Dismantling Elephant Poaching in Lower Zambezi

Protect the Environment Fund
June 16, 2016

African Wildlife Foundation

Despite being home to one of the largest elephant populations in Africa, the Lower Zambezi ecosystem had not been experiencing significant elephant poaching.

Poaching to supply the illicit ivory trade had largely been concentrated in Central and East Africa rather than this landscape, which spans Zambia, Mozambique and Zimbabwe. Now, however, “that wave of poaching seems to be migrating south,” says Ian Stevenson.

As CEO of Conservation Lower Zambezi, a conservation group that operates in Zambia’s Lower Zambezi National Park and the surrounding game management areas, Stevenson has witnessed firsthand how elephant poaching has changed in the past few years. “2013 was our lowest elephant poaching year in our recorded history. 2015, on the other hand, saw a marked increase, with elephant poaching higher than it has been in years,” he explains. “The poaching has become more professional and sophisticated, with organized criminal syndicates at play, rather than subsistence poaching.”

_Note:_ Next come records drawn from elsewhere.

lemma gterm_Suc: "gterm (Suc j) = Abs_fps (\<lambda>n. of_bool (j \<in> dd_jumps n))"
proof -
  define P :: nat where "P = 2^j"
  have P: "P > 0" by (simp add: P_def)
  have pow: "(2::nat)^Suc (Suc j) = 4 * P" "(2::nat)^Suc j = 2 * P" by (simp_all add: P_def)
  define F :: "real fps" where "F = Abs_fps (\<lambda>n. of_bool (P < n mod (4*P) \<and> n mod (4*P) < 3*P))"
  have F: "Abs_fps (\<lambda>n. of_bool (j \<in> dd_jumps n)) = F"
    by (simp add: F_def dd_jumps_def dd_increase_iff pow P_def)
  have "F * ((1 - fps_X) * (1 - fps_X ^ (4*P))) = F * (1 - fps_X ^ (4*P)) * (1 - fps_X)"
    by (simp only: ac_simps)
  also have "F * (1 - fps_X ^ (4*P)) = Abs_fps (\<lambda>n. if P < n \<and> n < 3*P then 1 else 0)"
    unfolding F_def by (subst fps_periodic_times_one_minus_X_power) (auto intro!: fps_ext)
  also have "\<dots> * (1 - fps_X) = fps_X^(P+1) - fps_X^(3*P)"
    using fps_window_times_one_minus_X[of P "3*P"] P by simp
  also have "\<dots> = fps_X^(P+1) * (1 - fps_X^(2*P - 1))"
  proof -
    have "P + 1 + (2*P - 1) = 3*P" using P by simp
    moreover have "fps_X^(P+1) * fps_X^(2*P - 1) = (fps_X^(P + 1 + (2*P - 1)) :: real fps)"
      by (simp only: power_add)
    ultimately have "fps_X^(P+1) * fps_X^(2*P - 1) = (fps_X^(3*P) :: real fps)"
      by simp
    then show ?thesis by (simp only: right_diff_distrib mult_1_right)
  qed
  finally have "gterm (Suc j) = F * ((1 - fps_X) * (1 - fps_X ^ (4*P))) / ((1 - fps_X) * (1 - fps_X ^ (4*P)))"
    by (simp add: gterm_def pow P_def)
  also have "\<dots> = F"
  proof (rule nonzero_mult_div_cancel_right)
    have "fps_nth ((1 - fps_X) * (1 - fps_X ^ (4*P)) :: real fps) 0 = 1" using P by simp
    then show "(1 - fps_X) * (1 - fps_X ^ (4*P)) \<noteq> (0 :: real fps)"
      by (metis fps_zero_nth zero_neq_one)
  qed
  finally show ?thesis using F by simp
qed

lemma gterm_sums: "(\<lambda>j. gterm (Suc j)) sums Abs_fps (\<lambda>n. real (card (dd_jumps n)))"
  unfolding sums_def gterm_Suc
proof (rule tendsto_fpsI)
  fix n
  have "(\<Sum>j<N. of_bool (j \<in> dd_jumps n)) = real (card (dd_jumps n))" if "n \<le> N" for N
  proof -
    have "dd_jumps n \<subseteq> {..<N}" using dd_jumps_subset[of n] that by auto
    then show ?thesis by (simp add: sum.If_cases Int_absorb1)
  qed
  then show "\<forall>\<^sub>F N in sequentially.
      fps_nth (\<Sum>j<N. Abs_fps (\<lambda>n. of_bool (j \<in> dd_jumps n) :: real)) n
        = fps_nth (Abs_fps (\<lambda>n. real (card (dd_jumps n)))) n"
    by (auto simp: fps_sum_nth eventually_sequentially)
qed

lemma dd_values_eq:
  assumes "n \<le> 2^K"
  shows "{dd i n | i. i \<ge> 1} = (\<lambda>j. dd (Suc j) n) ` {..K}"
proof -
  have stable: "dd (Suc j) n = dd (Suc K) n" if "K \<le> j" for j
  proof -
    have "(2::nat)^K \<le> 2^j" using that by (simp add: power_increasing)
    then have "n \<le> 2^j" using assms by linarith
    then show ?thesis using assms dd_eq_self[of n j] dd_eq_self[of n K] by simp
  qed
  show ?thesis
  proof (intro equalityI subsetI)
    fix x assume "x \<in> {dd i n | i. i \<ge> 1}"
    then obtain i where "x = dd i n" "1 \<le> i" by auto
    then obtain j where x: "x = dd (Suc j) n" by (cases i) auto
    show "x \<in> (\<lambda>j. dd (Suc j) n) ` {..K}"
      using stable[of j] by (cases "j \<le> K") (auto simp: x)
  qed force
qed

lemma cc_eq: "cc n = Suc (card (dd_jumps n))"
proof -
  have "cc n = card ((\<lambda>j. dd (Suc j) n) ` {..n})"
    unfolding cc_def using dd_values_eq[of n n] less_exp[of n] by simp
  also have "\<dots> = Suc (card {j. j < n \<and> dd (Suc j) n < dd (Suc (Suc j)) n})"
    by (rule card_image_atMost_mono) (rule dd_mono)
  also have "{j. j < n \<and> dd (Suc j) n < dd (Suc (Suc j)) n} = dd_jumps n"
    using dd_jumps_subset[of n] by (auto simp: dd_jumps_def)
  finally show ?thesis .
qed

lemma kdim_bounds:
  assumes n: "n \<ge> 2"
  shows "kdim n \<ge> 1" "n \<le> 2^kdim n" "2^(kdim n - 1) < n"
proof -
  define L where "L = log 2 (real n)"
  have L: "L > 0" unfolding L_def using n by simp
  have k: "real (kdim n) = of_int \<lceil>L\<rceil>" unfolding kdim_def L_def
    using L L_def by (simp add: order.strict_implies_order)
  have c: "of_int \<lceil>L\<rceil> - 1 < L \<and> L \<le> of_int \<lceil>L\<rceil>" by (rule ceiling_correct)
  show k1: "kdim n \<ge> 1" using k c L by linarith
  show "n \<le> 2^kdim n"
  proof (rule ccontr)
    assume "\<not> n \<le> 2^kdim n"
    then have "real (kdim n) < L" unfolding L_def using less_log_of_power[of 2 "kdim n" n] by simp
    then show False using k c by linarith
  qed
  show "2^(kdim n - 1) < n"
  proof (rule ccontr)
    assume "\<not> 2^(kdim n - 1) < n"
    then have "L \<le> real (kdim n - 1)" unfolding L_def using log_of_power_le[of n 2 "kdim n - 1"] n by simp
    then show False using k c k1 by simp
  qed
qed

definition bit_count :: "nat \<Rightarrow> nat \<Rightarrow> nat \<Rightarrow> nat" where
  "bit_count b v n = card {m. m < n \<and> m div 2^b mod 2 = v}"

lemma bit_count_Suc:
  "bit_count b v (Suc n) = bit_count b v n + (if n div 2^b mod 2 = v then 1 else 0)"
proof -
  have "{m. m < Suc n \<and> m div 2^b mod 2 = v}
          = {m. m < n \<and> m div 2^b mod 2 = v} \<union> (if n div 2^b mod 2 = v then {n} else {})"
    by (auto simp: less_Suc_eq)
  then show ?thesis by (simp add: bit_count_def)
qed

lemma dd_Suc_right: "dd (Suc b) (Suc n) = dd (Suc b) n + (if n div 2^b mod 2 = 0 then 1 else -1)"
proof -
  define P :: nat where "P = 2^b"
  have P: "P > 0" by (simp add: P_def)
  have m: "n mod (P * 2) = P * (n div P mod 2) + n mod P" by (rule mod_mult2_eq)
  have r: "n mod P < P" "n mod (P * 2) < P * 2" using P by simp_all
  have s: "Suc n mod (P * 2) = (if Suc (n mod (P * 2)) = P * 2 then 0 else Suc (n mod (P * 2)))"
    by (rule mod_Suc)
  have dd: "dd (Suc b) n = int P - \<bar>int (n mod (P * 2)) - int P\<bar>"
    "dd (Suc b) (Suc n) = int P - \<bar>int (Suc n mod (P * 2)) - int P\<bar>"
    by (simp_all add: dd_Suc P_def mult.commute)
  show ?thesis
  proof (cases "n div P mod 2 = 0")
    case True
    then have "n mod (P * 2) = n mod P" using m by simp
    then have lt: "n mod (P * 2) < P" using r by simp
    then have "Suc (n mod (P * 2)) \<noteq> P * 2" using P by linarith
    with lt have "int (Suc n mod (P * 2)) = int (n mod (P * 2)) + 1" "int (n mod (P * 2)) < int P"
      using s by simp_all
    then have "dd (Suc b) (Suc n) = dd (Suc b) n + 1" using dd by linarith
    then show ?thesis using True by (simp add: P_def)
  next
    case False
    then have "P \<le> n mod (P * 2)" using m by simp
    moreover have "int (Suc n mod (P * 2)) = int (n mod (P * 2)) + 1 - (if Suc (n mod (P * 2)) = P * 2 then int P * 2 else 0)"
      using s by auto
    ultimately have "dd (Suc b) (Suc n) = dd (Suc b) n - 1" using dd r by (auto split: if_splits)
    then show ?thesis using False by (simp add: P_def)
  qed
qed

lemma bit_count_sum_diff:
  "bit_count b 0 n + bit_count b 1 n = n \<and> int (bit_count b 0 n) - int (bit_count b 1 n) = dd (Suc b) n"
proof (induction n)
  case 0
  then show ?case by (simp add: bit_count_def dd_def)
next
  case (Suc n)
  have "n div 2^b mod 2 = 0 \<or> n div 2^b mod 2 = 1" by auto
  then show ?case using Suc by (auto simp: bit_count_Suc dd_Suc_right)
qed

lemma side_sum_diff:
  "side0 n i + side1 n i = n \<and> int (side0 n i) - int (side1 n i) = dd (Suc (kdim n - i)) n"
  using bit_count_sum_diff[of "kdim n - i" n]
  by (simp add: side0_def side1_def bit_count_def beta_def)

lemma dd_less_if_less_kdim:
  assumes "n \<ge> 2" "b < kdim n"
  shows "dd (Suc b) n < int n"
proof -
  have "(2::nat)^b \<le> 2^(kdim n - 1)" using assms(2) by (intro power_increasing) auto
  then have "(2::int)^b < int n" using kdim_bounds(3)[OF assms(1)]
    by (metis le_less_trans of_nat_less_iff of_nat_numeral of_nat_power)
  then show ?thesis using dd_bounds[of b n] by linarith
qed

lemma HCBP_eq_image:
  assumes "n \<ge> 2"
  shows "HCBP n = (\<lambda>i. (side0 n i, side1 n i)) ` {1..kdim n}"
proof -
  have balance: "0 < side1 n i \<and> side1 n i \<le> side0 n i" if "i \<in> {1..kdim n}" for i
    using side_sum_diff[of n i] dd_less_if_less_kdim[OF assms, of "kdim n - i"]
      dd_bounds[of "kdim n - i" n] that by auto
  show ?thesis
  proof (intro equalityI subsetI)
    fix p assume "p \<in> HCBP n"
    then obtain n0 n1 i where p: "p = (n0, n1)" "n = n0 + n1" "n0 \<ge> n1" and i: "i \<in> {1..kdim n}"
      and s: "(side0 n i = n0 \<and> side1 n i = n1) \<or> (side0 n i = n1 \<and> side1 n i = n0)"
      unfolding HCBP_def by blast
    have "(side0 n i, side1 n i) = p" using s balance[OF i] p by auto
    then show "p \<in> (\<lambda>i. (side0 n i, side1 n i)) ` {1..kdim n}" using i by blast
  next
    fix p assume "p \<in> (\<lambda>i. (side0 n i, side1 n i)) ` {1..kdim n}"
    then obtain i where i: "i \<in> {1..kdim n}" and p: "p = (side0 n i, side1 n i)" by blast
    show "p \<in> HCBP n"
      unfolding HCBP_def p using i balance[OF i] side_sum_diff[of n i] by auto
  qed
qed

text \<open>Since \<open>n\<^sub>0 + n\<^sub>1 = n\<close>, an HCBP is determined by \<open>n\<^sub>0 - n\<^sub>1\<close>, which for the hyperplane
  \<open>x\<^sub>i = 1/2\<close> is \<open>d\<^sub>k\<^sub>-\<^sub>i\<^sub>+\<^sub>1(n) < n\<close>; the remaining value \<open>d\<^sub>k\<^sub>+\<^sub>1(n) = n\<close> is the one extra
  value counted by \<open>c(n)\<close>.\<close>
lemma cc_eq_Suc_hh_if_ge_2:
  assumes n: "n \<ge> 2"
  shows "cc n = Suc (hh n)"
proof -
  define k where "k = kdim n"
  define D where "D b = dd (Suc b) n" for b
  let ?diff = "\<lambda>p. int (fst p) - int (snd p)"
  have "inj_on ?diff (HCBP n)" by (rule inj_onI) (auto simp: HCBP_def)
  moreover have "?diff ` HCBP n = D ` ((\<lambda>i. k - i) ` {1..k})"
    using side_sum_diff[of n] by (simp add: HCBP_eq_image[OF n] image_image D_def k_def)
  ultimately have "hh n = card (D ` {..<k})"
    unfolding reverse_image_atLeastAtMost using n card_image by (fastforce simp: hh_def)
  moreover have "cc n = card (D ` {..k})"
    unfolding cc_def D_def k_def using dd_values_eq[OF kdim_bounds(2)[OF n]] by simp
  moreover have "D ` {..k} = insert (D k) (D ` {..<k})"
    by (metis image_insert lessThan_Suc lessThan_Suc_atMost)
  moreover have "D k = int n" "int n \<notin> D ` {..<k}"
    using dd_eq_self[OF kdim_bounds(2)[OF n]] dd_less_if_less_kdim[OF n]
    by (force simp: D_def k_def)+
  ultimately show ?thesis by simp
qed

lemma cc_eq_Suc_hh: "cc n = Suc (hh n)"
proof (cases "n \<ge> 2")
  case True
  then show ?thesis by (rule cc_eq_Suc_hh_if_ge_2)
next
  case False
  have "j \<notin> dd_jumps n" for j
  proof
    assume j: "j \<in> dd_jumps n"
    then have "n = 1" "j = 0" using dd_jumps_subset[of n] False by auto
    with j show False by (simp add: dd_jumps_def dd_def)
  qed
  then have "dd_jumps n = {}" by blast
  then show ?thesis using False cc_eq[of n] by (simp add: hh_def)
qed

AWF has been providing Urgent Response Fund grants to CLZ to help combat this increase in professional poaching, supplementing CLZ’s work with Zambia Wildlife Authority (ZAWA) and with village game scouts. These game scouts and ZAWA officers were able to arrest three suspects, destroy 11 poachers’ camps and recover two firearms and 23 rounds of ammunition in a single quarter. We also helped CLZ purchase four specialized handheld GPS and data collection PDA units. These units allow rangers and game scouts to record the locations of illegal activity, such as poachers’ camps and ecological data, which will better inform where patrols should be undertaken.

More Bang for the Buck
While wildlife protection remains a core of CLZ’s work inside Lower Zambezi National Park, human–wildlife conflict remains a concern in the game management areas outside the park. Here, too, AWF support is helping.

“Thanks to AWF, we are trialing two pepper paintball guns that scouts can fire in the direction of elephants and divert them away from people’s crops,” explains Stevenson. “It hopefully will be more effective and also safer for game scouts than some of the other methods of mitigating human–elephant conflict.”

AWF began funding CLZ in 2013. Its Urgent Response Fund grants have provided what Stevenson notes is a significant contribution to CLZ’s budget. “We only have a few organizations that fund us to the extent that AWF does—you are definitely one of our key funders,” he observes.

“CLZ is a solid, well-known organization that has been working in the lower Zambezi for over 20 years. We have quite a bit of influence in the landscape,” Stevenson adds. “I believe AWF gets more bang for its buck by supporting an organization like us than doing one-off projects in the area.”

And, while elephant poaching has been increasing, CLZ’s CEO says the outlook remains positive in this landscape. “Elephant poaching is still among the lowest in Zambia because of the protection supplied by us, with support from AWF. We have quite a healthy elephant population here still,” he concludes.